» **WHAT YOU HAVE TO DO**:
Within the records below, reproduce without change the lines from the line that has "S21 False) /" through the line that has "(* There exists", and only those.

BEGIN DATA EXTRACT

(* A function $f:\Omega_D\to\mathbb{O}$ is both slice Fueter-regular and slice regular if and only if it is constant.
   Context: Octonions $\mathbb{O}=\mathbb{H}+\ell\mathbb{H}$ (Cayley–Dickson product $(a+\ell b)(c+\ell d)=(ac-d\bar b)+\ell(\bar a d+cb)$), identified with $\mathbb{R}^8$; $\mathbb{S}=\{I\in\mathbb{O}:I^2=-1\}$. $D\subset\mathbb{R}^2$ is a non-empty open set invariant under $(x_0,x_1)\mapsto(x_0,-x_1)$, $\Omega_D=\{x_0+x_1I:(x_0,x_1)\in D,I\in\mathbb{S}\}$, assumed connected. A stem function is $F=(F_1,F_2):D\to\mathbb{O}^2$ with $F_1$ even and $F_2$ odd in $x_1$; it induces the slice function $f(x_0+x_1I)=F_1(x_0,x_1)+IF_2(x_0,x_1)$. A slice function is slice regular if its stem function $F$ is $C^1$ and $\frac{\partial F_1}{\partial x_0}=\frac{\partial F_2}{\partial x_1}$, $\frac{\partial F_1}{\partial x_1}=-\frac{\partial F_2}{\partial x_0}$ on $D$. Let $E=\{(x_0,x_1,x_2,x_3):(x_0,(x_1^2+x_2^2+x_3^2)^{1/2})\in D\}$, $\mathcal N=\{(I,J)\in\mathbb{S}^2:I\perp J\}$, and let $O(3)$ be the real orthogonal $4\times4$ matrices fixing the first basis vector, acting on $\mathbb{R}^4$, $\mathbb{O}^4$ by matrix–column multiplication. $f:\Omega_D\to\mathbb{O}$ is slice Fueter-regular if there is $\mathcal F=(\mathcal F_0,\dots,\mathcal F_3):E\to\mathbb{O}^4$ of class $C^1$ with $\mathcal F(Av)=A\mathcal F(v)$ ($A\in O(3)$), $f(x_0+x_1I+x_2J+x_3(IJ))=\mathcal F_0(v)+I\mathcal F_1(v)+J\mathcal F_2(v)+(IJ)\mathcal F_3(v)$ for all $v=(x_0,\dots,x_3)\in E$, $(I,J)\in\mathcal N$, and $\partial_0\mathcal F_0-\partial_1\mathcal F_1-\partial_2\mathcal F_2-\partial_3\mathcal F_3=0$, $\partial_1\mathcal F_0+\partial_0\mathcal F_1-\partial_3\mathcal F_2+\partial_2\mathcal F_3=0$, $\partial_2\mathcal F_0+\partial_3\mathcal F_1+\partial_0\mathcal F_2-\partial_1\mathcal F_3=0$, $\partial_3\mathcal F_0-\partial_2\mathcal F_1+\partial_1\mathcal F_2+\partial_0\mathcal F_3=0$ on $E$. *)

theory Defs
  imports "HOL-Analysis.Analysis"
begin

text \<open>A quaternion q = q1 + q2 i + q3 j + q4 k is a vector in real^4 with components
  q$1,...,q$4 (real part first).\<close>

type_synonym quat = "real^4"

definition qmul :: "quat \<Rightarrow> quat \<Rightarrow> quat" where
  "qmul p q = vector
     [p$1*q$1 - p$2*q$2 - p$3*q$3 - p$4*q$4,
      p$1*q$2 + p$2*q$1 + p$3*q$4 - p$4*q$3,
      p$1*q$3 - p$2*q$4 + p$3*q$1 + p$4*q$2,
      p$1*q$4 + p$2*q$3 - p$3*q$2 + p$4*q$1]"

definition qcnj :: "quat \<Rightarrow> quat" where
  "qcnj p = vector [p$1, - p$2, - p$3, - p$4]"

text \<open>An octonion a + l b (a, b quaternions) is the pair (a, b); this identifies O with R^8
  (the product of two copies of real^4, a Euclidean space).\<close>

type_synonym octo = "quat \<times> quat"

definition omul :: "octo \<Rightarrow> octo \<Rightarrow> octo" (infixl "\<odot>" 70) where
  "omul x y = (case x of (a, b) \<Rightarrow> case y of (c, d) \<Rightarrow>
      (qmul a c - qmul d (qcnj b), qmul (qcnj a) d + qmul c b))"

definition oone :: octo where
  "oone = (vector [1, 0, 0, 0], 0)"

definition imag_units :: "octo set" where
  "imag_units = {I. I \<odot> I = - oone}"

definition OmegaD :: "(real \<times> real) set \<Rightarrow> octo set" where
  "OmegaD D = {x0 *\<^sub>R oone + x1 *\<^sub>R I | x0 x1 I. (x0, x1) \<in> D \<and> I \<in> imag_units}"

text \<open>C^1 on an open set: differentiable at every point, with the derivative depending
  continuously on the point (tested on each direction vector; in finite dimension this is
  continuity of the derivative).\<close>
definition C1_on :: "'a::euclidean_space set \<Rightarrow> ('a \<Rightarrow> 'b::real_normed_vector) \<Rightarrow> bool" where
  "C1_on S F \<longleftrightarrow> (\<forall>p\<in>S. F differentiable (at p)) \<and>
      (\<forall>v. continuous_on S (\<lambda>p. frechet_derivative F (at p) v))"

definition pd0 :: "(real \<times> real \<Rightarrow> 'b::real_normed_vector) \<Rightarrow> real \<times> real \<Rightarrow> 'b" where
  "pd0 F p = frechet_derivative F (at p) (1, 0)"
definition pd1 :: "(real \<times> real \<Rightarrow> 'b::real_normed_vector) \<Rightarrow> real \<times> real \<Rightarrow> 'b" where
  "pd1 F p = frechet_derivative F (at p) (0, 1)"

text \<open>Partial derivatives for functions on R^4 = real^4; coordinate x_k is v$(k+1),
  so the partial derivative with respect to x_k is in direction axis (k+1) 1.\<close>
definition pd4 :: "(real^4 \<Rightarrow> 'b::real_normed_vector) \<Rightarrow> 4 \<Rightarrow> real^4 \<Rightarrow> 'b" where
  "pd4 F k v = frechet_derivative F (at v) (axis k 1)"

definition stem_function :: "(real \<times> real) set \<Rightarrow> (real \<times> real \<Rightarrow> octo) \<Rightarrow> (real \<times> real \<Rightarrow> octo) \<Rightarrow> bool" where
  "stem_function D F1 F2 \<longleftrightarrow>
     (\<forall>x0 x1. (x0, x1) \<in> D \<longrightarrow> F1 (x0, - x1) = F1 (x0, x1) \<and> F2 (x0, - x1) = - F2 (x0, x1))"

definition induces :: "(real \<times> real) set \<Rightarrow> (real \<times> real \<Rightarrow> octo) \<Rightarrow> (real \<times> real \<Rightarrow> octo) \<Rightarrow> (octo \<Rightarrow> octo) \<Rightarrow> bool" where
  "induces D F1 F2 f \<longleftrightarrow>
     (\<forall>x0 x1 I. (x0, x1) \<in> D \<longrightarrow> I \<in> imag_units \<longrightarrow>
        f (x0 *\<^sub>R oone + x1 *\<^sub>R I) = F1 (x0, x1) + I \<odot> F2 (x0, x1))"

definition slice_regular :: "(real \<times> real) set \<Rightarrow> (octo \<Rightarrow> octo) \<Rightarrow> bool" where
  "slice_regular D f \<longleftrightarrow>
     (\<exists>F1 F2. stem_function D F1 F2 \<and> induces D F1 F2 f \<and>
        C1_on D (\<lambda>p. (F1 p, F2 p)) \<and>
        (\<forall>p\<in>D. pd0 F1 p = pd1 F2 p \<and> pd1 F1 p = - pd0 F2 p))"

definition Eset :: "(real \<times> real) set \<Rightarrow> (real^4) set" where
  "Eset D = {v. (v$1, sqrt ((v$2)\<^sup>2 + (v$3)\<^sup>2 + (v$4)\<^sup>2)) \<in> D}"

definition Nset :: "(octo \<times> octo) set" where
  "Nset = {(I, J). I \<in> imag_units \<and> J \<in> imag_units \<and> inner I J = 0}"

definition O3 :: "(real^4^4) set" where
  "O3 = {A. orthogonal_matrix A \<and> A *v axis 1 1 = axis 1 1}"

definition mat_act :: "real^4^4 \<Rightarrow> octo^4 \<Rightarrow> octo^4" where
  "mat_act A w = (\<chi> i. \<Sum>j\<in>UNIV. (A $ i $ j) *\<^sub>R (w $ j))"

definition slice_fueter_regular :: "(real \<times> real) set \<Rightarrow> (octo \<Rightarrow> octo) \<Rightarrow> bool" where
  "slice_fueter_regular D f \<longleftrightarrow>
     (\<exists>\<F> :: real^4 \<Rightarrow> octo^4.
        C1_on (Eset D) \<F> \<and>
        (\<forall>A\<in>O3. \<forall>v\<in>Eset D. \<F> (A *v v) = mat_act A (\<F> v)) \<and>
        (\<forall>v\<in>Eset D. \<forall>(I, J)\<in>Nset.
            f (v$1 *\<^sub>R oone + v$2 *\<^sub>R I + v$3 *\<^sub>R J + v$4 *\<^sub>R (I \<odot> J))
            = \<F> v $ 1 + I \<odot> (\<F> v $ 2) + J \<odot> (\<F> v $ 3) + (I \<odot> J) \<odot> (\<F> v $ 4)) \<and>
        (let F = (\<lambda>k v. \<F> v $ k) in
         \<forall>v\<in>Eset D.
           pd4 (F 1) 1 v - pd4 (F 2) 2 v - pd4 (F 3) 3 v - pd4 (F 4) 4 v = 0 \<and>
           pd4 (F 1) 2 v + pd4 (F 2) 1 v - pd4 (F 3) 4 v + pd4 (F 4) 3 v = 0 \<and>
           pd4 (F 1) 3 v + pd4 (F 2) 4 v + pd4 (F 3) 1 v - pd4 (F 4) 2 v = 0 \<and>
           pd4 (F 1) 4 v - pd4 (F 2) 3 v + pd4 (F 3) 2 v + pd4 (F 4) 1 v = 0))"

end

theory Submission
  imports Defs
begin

END DATA EXTRACT
BEGIN DATA EXTRACT

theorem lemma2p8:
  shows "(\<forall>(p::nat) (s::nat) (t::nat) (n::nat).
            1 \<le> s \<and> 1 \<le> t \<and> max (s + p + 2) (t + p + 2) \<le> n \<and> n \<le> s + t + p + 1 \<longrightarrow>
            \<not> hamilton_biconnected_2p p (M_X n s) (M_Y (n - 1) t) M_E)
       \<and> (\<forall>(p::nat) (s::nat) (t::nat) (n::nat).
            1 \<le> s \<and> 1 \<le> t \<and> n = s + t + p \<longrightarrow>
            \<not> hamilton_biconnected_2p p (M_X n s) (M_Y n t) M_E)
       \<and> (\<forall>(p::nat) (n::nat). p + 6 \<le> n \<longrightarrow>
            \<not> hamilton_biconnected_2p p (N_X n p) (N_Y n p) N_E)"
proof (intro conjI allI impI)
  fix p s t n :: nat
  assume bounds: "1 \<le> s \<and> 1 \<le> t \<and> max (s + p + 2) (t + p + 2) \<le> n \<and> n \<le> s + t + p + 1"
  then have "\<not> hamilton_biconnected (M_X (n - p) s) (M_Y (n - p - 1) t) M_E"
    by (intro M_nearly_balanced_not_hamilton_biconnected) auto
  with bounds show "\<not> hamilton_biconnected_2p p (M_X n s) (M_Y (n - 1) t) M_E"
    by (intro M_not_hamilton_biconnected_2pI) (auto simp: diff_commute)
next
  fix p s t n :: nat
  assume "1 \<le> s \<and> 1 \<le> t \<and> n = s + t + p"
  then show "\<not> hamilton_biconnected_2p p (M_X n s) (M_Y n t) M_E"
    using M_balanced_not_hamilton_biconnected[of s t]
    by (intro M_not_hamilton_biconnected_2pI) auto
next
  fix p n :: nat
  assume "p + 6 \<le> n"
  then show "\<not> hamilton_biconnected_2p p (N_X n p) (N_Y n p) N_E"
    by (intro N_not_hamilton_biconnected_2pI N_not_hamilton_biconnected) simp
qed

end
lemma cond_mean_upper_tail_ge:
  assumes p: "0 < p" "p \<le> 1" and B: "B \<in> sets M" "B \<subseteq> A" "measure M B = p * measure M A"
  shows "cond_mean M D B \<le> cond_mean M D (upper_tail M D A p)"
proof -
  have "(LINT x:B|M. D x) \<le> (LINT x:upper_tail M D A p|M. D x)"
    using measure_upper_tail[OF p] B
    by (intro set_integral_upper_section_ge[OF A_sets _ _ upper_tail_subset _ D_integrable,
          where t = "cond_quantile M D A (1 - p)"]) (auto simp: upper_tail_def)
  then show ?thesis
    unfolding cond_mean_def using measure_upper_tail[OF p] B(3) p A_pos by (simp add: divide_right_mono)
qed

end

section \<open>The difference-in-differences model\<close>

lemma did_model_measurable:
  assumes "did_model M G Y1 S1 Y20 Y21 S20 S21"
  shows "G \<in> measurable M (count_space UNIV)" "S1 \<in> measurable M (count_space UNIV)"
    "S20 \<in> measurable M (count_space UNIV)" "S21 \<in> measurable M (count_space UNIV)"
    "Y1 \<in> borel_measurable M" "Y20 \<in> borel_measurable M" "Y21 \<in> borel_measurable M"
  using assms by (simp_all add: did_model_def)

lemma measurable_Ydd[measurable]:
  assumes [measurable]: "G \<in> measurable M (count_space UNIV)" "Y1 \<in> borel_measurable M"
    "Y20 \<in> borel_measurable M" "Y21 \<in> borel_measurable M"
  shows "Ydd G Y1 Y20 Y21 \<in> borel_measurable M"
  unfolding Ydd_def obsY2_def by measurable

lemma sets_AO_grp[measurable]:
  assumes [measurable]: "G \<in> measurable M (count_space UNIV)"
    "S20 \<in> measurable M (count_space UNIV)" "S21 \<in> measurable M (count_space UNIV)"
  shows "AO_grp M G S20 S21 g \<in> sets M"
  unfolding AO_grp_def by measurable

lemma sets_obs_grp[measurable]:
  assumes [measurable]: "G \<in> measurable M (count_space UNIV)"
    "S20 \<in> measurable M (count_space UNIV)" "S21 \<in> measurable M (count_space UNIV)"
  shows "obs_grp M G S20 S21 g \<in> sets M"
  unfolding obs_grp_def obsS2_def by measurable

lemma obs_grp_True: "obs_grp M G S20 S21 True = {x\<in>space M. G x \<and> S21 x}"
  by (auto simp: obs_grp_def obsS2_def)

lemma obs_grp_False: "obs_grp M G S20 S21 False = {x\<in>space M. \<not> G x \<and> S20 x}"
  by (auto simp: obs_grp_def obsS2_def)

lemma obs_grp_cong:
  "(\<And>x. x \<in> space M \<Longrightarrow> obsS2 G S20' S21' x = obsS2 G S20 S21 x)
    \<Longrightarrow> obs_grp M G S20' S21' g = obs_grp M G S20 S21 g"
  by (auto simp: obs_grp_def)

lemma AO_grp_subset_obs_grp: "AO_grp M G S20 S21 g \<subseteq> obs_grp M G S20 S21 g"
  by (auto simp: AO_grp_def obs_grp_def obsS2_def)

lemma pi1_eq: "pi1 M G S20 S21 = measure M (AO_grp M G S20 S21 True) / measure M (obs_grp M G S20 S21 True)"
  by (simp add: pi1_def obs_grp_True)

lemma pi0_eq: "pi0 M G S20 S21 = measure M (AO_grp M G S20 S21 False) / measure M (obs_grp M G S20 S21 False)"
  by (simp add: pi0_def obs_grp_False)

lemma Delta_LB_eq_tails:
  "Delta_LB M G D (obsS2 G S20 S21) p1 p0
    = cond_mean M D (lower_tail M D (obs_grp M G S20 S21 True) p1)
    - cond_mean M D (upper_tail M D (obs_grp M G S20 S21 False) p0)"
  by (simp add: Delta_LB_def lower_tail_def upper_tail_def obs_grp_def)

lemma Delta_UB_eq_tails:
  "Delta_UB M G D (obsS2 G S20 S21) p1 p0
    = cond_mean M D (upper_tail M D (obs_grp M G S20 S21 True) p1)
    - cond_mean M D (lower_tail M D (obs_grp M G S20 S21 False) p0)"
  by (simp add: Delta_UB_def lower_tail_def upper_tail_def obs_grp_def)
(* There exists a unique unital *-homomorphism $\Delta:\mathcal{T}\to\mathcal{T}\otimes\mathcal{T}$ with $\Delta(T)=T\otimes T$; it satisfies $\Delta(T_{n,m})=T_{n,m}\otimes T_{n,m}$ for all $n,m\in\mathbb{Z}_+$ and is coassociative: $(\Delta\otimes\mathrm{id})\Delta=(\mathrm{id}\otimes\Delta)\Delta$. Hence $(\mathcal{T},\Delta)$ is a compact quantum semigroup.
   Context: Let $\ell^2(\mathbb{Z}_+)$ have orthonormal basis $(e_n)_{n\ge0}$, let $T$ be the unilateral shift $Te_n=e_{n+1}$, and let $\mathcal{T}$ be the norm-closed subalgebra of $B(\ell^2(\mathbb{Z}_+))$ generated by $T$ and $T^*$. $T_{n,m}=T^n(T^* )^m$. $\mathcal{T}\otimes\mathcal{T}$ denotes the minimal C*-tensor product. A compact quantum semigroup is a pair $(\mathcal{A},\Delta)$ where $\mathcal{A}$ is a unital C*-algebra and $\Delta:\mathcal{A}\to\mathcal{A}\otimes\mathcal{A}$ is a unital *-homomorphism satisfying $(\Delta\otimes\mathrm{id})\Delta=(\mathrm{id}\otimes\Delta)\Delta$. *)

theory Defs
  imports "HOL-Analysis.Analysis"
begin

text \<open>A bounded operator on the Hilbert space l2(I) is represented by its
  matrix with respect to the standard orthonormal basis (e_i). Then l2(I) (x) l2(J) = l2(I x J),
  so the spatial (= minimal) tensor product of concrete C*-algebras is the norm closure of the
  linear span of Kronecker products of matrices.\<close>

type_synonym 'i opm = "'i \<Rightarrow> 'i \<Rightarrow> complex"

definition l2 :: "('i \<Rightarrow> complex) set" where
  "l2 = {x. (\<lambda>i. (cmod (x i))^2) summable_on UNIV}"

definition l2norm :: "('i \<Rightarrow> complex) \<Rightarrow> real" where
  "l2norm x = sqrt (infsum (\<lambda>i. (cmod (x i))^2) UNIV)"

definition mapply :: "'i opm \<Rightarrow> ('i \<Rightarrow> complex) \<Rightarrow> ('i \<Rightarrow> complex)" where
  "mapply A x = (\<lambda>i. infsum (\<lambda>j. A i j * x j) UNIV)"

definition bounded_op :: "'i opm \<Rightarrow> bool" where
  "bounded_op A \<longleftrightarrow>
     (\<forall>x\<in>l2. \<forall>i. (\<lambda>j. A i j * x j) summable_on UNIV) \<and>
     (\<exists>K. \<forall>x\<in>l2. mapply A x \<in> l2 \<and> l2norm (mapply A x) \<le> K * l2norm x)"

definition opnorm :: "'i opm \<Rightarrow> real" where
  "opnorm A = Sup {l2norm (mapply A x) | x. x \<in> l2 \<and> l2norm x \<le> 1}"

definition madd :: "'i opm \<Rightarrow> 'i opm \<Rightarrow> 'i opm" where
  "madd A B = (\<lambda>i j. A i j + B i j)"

END DATA EXTRACT

» **FINISHED TASK**:
lemma pi0_eq: "pi0 M G S20 S21 = measure M (AO_grp M G S20 S21 False) / measure M (obs_grp M G S20 S21 False)"
  by (simp add: pi0_def obs_grp_False)

lemma Delta_LB_eq_tails:
  "Delta_LB M G D (obsS2 G S20 S21) p1 p0
    = cond_mean M D (lower_tail M D (obs_grp M G S20 S21 True) p1)
    - cond_mean M D (upper_tail M D (obs_grp M G S20 S21 False) p0)"
  by (simp add: Delta_LB_def lower_tail_def upper_tail_def obs_grp_def)

lemma Delta_UB_eq_tails:
  "Delta_UB M G D (obsS2 G S20 S21) p1 p0
    = cond_mean M D (upper_tail M D (obs_grp M G S20 S21 True) p1)
    - cond_mean M D (lower_tail M D (obs_grp M G S20 S21 False) p0)"
  by (simp add: Delta_UB_def lower_tail_def upper_tail_def obs_grp_def)
(* There exists a unique unital *-homomorphism $\Delta:\mathcal{T}\to\mathcal{T}\otimes\mathcal{T}$ with $\Delta(T)=T\otimes T$; it satisfies $\Delta(T_{n,m})=T_{n,m}\otimes T_{n,m}$ for all $n,m\in\mathbb{Z}_+$ and is coassociative: $(\Delta\otimes\mathrm{id})\Delta=(\mathrm{id}\otimes\Delta)\Delta$. Hence $(\mathcal{T},\Delta)$ is a compact quantum semigroup.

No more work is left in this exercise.